The nights are cold but they have learned how to deal with that, too. They cannot remember how many years it's been (if it's been years at all) since the encounter (and the screaming, and the threats, and a voice that attempted to be diplomatic even though he was just as overwhelmed by the presence of human life), or just how many problems have arisen since, but they have found a way around them all.
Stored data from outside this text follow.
lemma BoxImpL_premises_measure_less:
  shows "sequent_measure (\<Phi> + \<Gamma> + {#\<psi>, Box \<phi>#}, \<phi>)
      < sequent_measure (\<Phi> + image_mset Box \<Gamma> + {#Imp (Box \<phi>) \<psi>#}, \<chi>)"
    and "sequent_measure (\<Phi> + image_mset Box \<Gamma> + {#\<psi>#}, \<chi>)
      < sequent_measure (\<Phi> + image_mset Box \<Gamma> + {#Imp (Box \<phi>) \<psi>#}, \<chi>)"
proof -
  have conclusion: "sequent_measure (\<Phi> + image_mset Box \<Gamma> + {#Imp (Box \<phi>) \<psi>#}, \<chi>)
      = image_mset weight \<Phi> + (image_mset (\<lambda>g. weight g + 1) \<Gamma>
          + {#weight \<phi> + weight \<psi> + 2, weight \<chi> + 1#})"
    by (simp add: sequent_measure_def multiset.map_comp o_def)
  show "sequent_measure (\<Phi> + \<Gamma> + {#\<psi>, Box \<phi>#}, \<phi>)
      < sequent_measure (\<Phi> + image_mset Box \<Gamma> + {#Imp (Box \<phi>) \<psi>#}, \<chi>)"
    using weight_ge_1[of \<psi>]
    by (intro less_multiset_replace_dominated[OF _ _ _ conclusion, where
          K = "image_mset weight \<Gamma> + {#weight \<psi>, weight \<phi> + 1, weight \<phi> + 1#}"])
      (auto simp: sequent_measure_def)
  show "sequent_measure (\<Phi> + image_mset Box \<Gamma> + {#\<psi>#}, \<chi>)
      < sequent_measure (\<Phi> + image_mset Box \<Gamma> + {#Imp (Box \<phi>) \<psi>#}, \<chi>)"
    by (intro less_multiset_replace_dominated[where
          I = "image_mset weight \<Phi> + image_mset (\<lambda>g. weight g + 1) \<Gamma> + {#weight \<chi> + 1#}"
          and K = "{#weight \<psi>#}" and J = "{#weight \<phi> + weight \<psi> + 2#}"])
      (auto simp: sequent_measure_def multiset.map_comp o_def ac_simps)
qed

lemma rule_inst_premise_measure_less:
  "rule_inst ps S \<Longrightarrow> S' \<in> set ps \<Longrightarrow> sequent_measure S' < sequent_measure S"
proof (induction rule: rule_inst.induct)
  case (AndL \<phi> \<psi> \<Gamma> \<chi>)
  then show ?case
    by (auto simp: sequent_measure_def intro!: less_multiset_replace_dominated[where
          I = "image_mset weight \<Gamma> + {#weight \<chi> + 1#}"
          and K = "{#weight \<phi>, weight \<psi>#}" and J = "{#weight \<phi> + weight \<psi> + 2#}"])
next
  case (AndR \<Gamma> \<phi> \<psi>)
  then show ?case
    by (auto simp: sequent_measure_def intro!: less_multiset_replace_dominated[where
          I = "image_mset weight \<Gamma>" and J = "{#weight \<phi> + weight \<psi> + 3#}"])
next
  case (OrL \<phi> \<Gamma> \<chi> \<psi>)
  then show ?case
    by (auto simp: sequent_measure_def intro!: less_multiset_replace_dominated[where
          I = "image_mset weight \<Gamma> + {#weight \<chi> + 1#}" and J = "{#weight \<phi> + weight \<psi> + 1#}"])
next
  case (OrR1 \<Gamma> \<phi> \<psi>)
  then show ?case
    by (auto simp: sequent_measure_def intro!: less_multiset_replace_dominated[where
          I = "image_mset weight \<Gamma>" and J = "{#weight \<phi> + weight \<psi> + 2#}"])
next
  case (OrR2 \<Gamma> \<psi> \<phi>)
  then show ?case
    by (auto simp: sequent_measure_def intro!: less_multiset_replace_dominated[where
          I = "image_mset weight \<Gamma>" and J = "{#weight \<phi> + weight \<psi> + 2#}"])
next
  case (AtImpL p \<phi> \<Gamma> \<chi>)
  then show ?case
    by (auto simp: sequent_measure_def intro!: less_multiset_replace_dominated[where
          I = "image_mset weight \<Gamma> + {#weight \<chi> + 1, 1#}"
          and K = "{#weight \<phi>#}" and J = "{#weight \<phi> + 2#}"])
next
  case (ImpR \<phi> \<Gamma> \<psi>)
  then show ?case
    by (auto simp: sequent_measure_def intro!: less_multiset_replace_dominated[where
          I = "image_mset weight \<Gamma>"
          and K = "{#weight \<phi>, weight \<psi> + 1#}" and J = "{#weight \<phi> + weight \<psi> + 2#}"])
next
  case (BoxImpL \<Phi> \<Gamma> \<psi> \<phi> \<chi>)
  then show ?case using BoxImpL_premises_measure_less by auto
next
  case (SLtR \<Phi> \<Gamma> \<phi>)
  then show ?case using SLtR_premise_measure_less by simp
next
  case (AndImpL \<phi> \<psi> \<chi> \<Gamma> \<delta>)
  then show ?case
    by (auto simp: sequent_measure_def intro!: less_multiset_replace_dominated[where
          I = "image_mset weight \<Gamma> + {#weight \<delta> + 1#}"
          and K = "{#weight \<phi> + weight \<psi> + weight \<chi> + 2#}"
          and J = "{#weight \<phi> + weight \<psi> + weight \<chi> + 3#}"])
next
  case (OrImpL \<phi> \<chi> \<psi> \<Gamma> \<delta>)
  then show ?case
    by (auto simp: sequent_measure_def intro!: less_multiset_replace_dominated[where
          I = "image_mset weight \<Gamma> + {#weight \<delta> + 1#}"
          and K = "{#weight \<phi> + weight \<chi> + 1, weight \<psi> + weight \<chi> + 1#}"
          and J = "{#weight \<phi> + weight \<psi> + weight \<chi> + 2#}"])
next
  case (ImpImpL \<psi> \<chi> \<Gamma> \<phi> \<delta>)
  have conclusion: "sequent_measure (add_mset (Imp (Imp \<phi> \<psi>) \<chi>) \<Gamma>, \<delta>)
      = image_mset weight \<Gamma> + {#weight \<phi> + weight \<psi> + weight \<chi> + 2, weight \<delta> + 1#}"
    by (simp add: sequent_measure_def)
  have left: "sequent_measure (add_mset (Imp \<psi> \<chi>) \<Gamma>, Imp \<phi> \<psi>)
      < sequent_measure (add_mset (Imp (Imp \<phi> \<psi>) \<chi>) \<Gamma>, \<delta>)"
    using weight_ge_1[of \<chi>] weight_ge_1[of \<phi>]
    by (intro less_multiset_replace_dominated[OF _ _ _ conclusion,
          where K = "{#weight \<psi> + weight \<chi> + 1, weight \<phi> + weight \<psi> + 2#}"])
      (auto simp: sequent_measure_def)
  have right: "sequent_measure (add_mset \<chi> \<Gamma>, \<delta>)
      < sequent_measure (add_mset (Imp (Imp \<phi> \<psi>) \<chi>) \<Gamma>, \<delta>)"
    by (auto simp: sequent_measure_def intro!: less_multiset_replace_dominated[where
          I = "image_mset weight \<Gamma> + {#weight \<delta> + 1#}"
          and K = "{#weight \<chi>#}" and J = "{#weight \<phi> + weight \<psi> + weight \<chi> + 2#}"])
  from ImpImpL.prems left right show ?case by auto
qed auto

lemma wf_is_premise_of: "wf {(S', S). is_premise_of S' S}"
proof (rule wf_subset)
  show "wf (inv_image {(M, N). M < N} sequent_measure)"
    using wf_less_multiset by (rule wf_inv_image)
  show "{(S', S). is_premise_of S' S} \<subseteq> inv_image {(M, N). M < N} sequent_measure"
    using rule_inst_premise_measure_less by (auto simp: is_premise_of_def)
qed

lemma position_tree_prefix_closed:
  assumes "\<And>p i. T (p @ [i]) \<noteq> None \<Longrightarrow> T p \<noteq> None"
  shows "T (p @ q) \<noteq> None \<Longrightarrow> T p \<noteq> None"
proof (induction q rule: rev_induct)
  case (snoc i q)
  then show ?case using assms[of "p @ q" i] by simp
qed simp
Jade still fears the threat of fire; there is no one left to take her away and no one here who questions witchcraft but there are days that she spends locked in a room with a cauldron and a rifle, jumping at every sound (and she doesn't tell them about the burnings she has seen and the friends she has lost). Dave has seen too many men on battlefields and too many instances of madness turning to bloodlust and it is hard to believe that he won't lose them, too, to war and anger and the way his hand still flies to the handle of his sword at any sound he cannot explain (and he still can't believe he's not on a battlefield). Rose is still dazed by human contact; she has lived without it longer than all of them, and there are times she doesn't understand, and there are times she can't hear a word that they say over the screams of The Old Ones, and there are times they find her wishing she could tear out her own eyeballs to stop seeing what she does (and there are times when they will brush her side, hold her hand, hug her as tight as they can, grace her with a kiss, and for a fleeting moment she is blind and deaf and at peace). John is so happy, so lucky to have them, and he is the glue that holds them all together and they all do the same for him (and his nightmares are constant and of losing them, failing them like he did the rest of the kingdom, and as determined as he is to become a better heir for them, he doesn't think he can).

They know, and they have found ways to make things easier. It is all they can do.

At night, they sleep in piles, their hands in each other's, their lips brushing against faces and wrists and other lips, their limbs knotted in an embrace. It's one more problem the four of them have fixed, and the nights aren't so cold.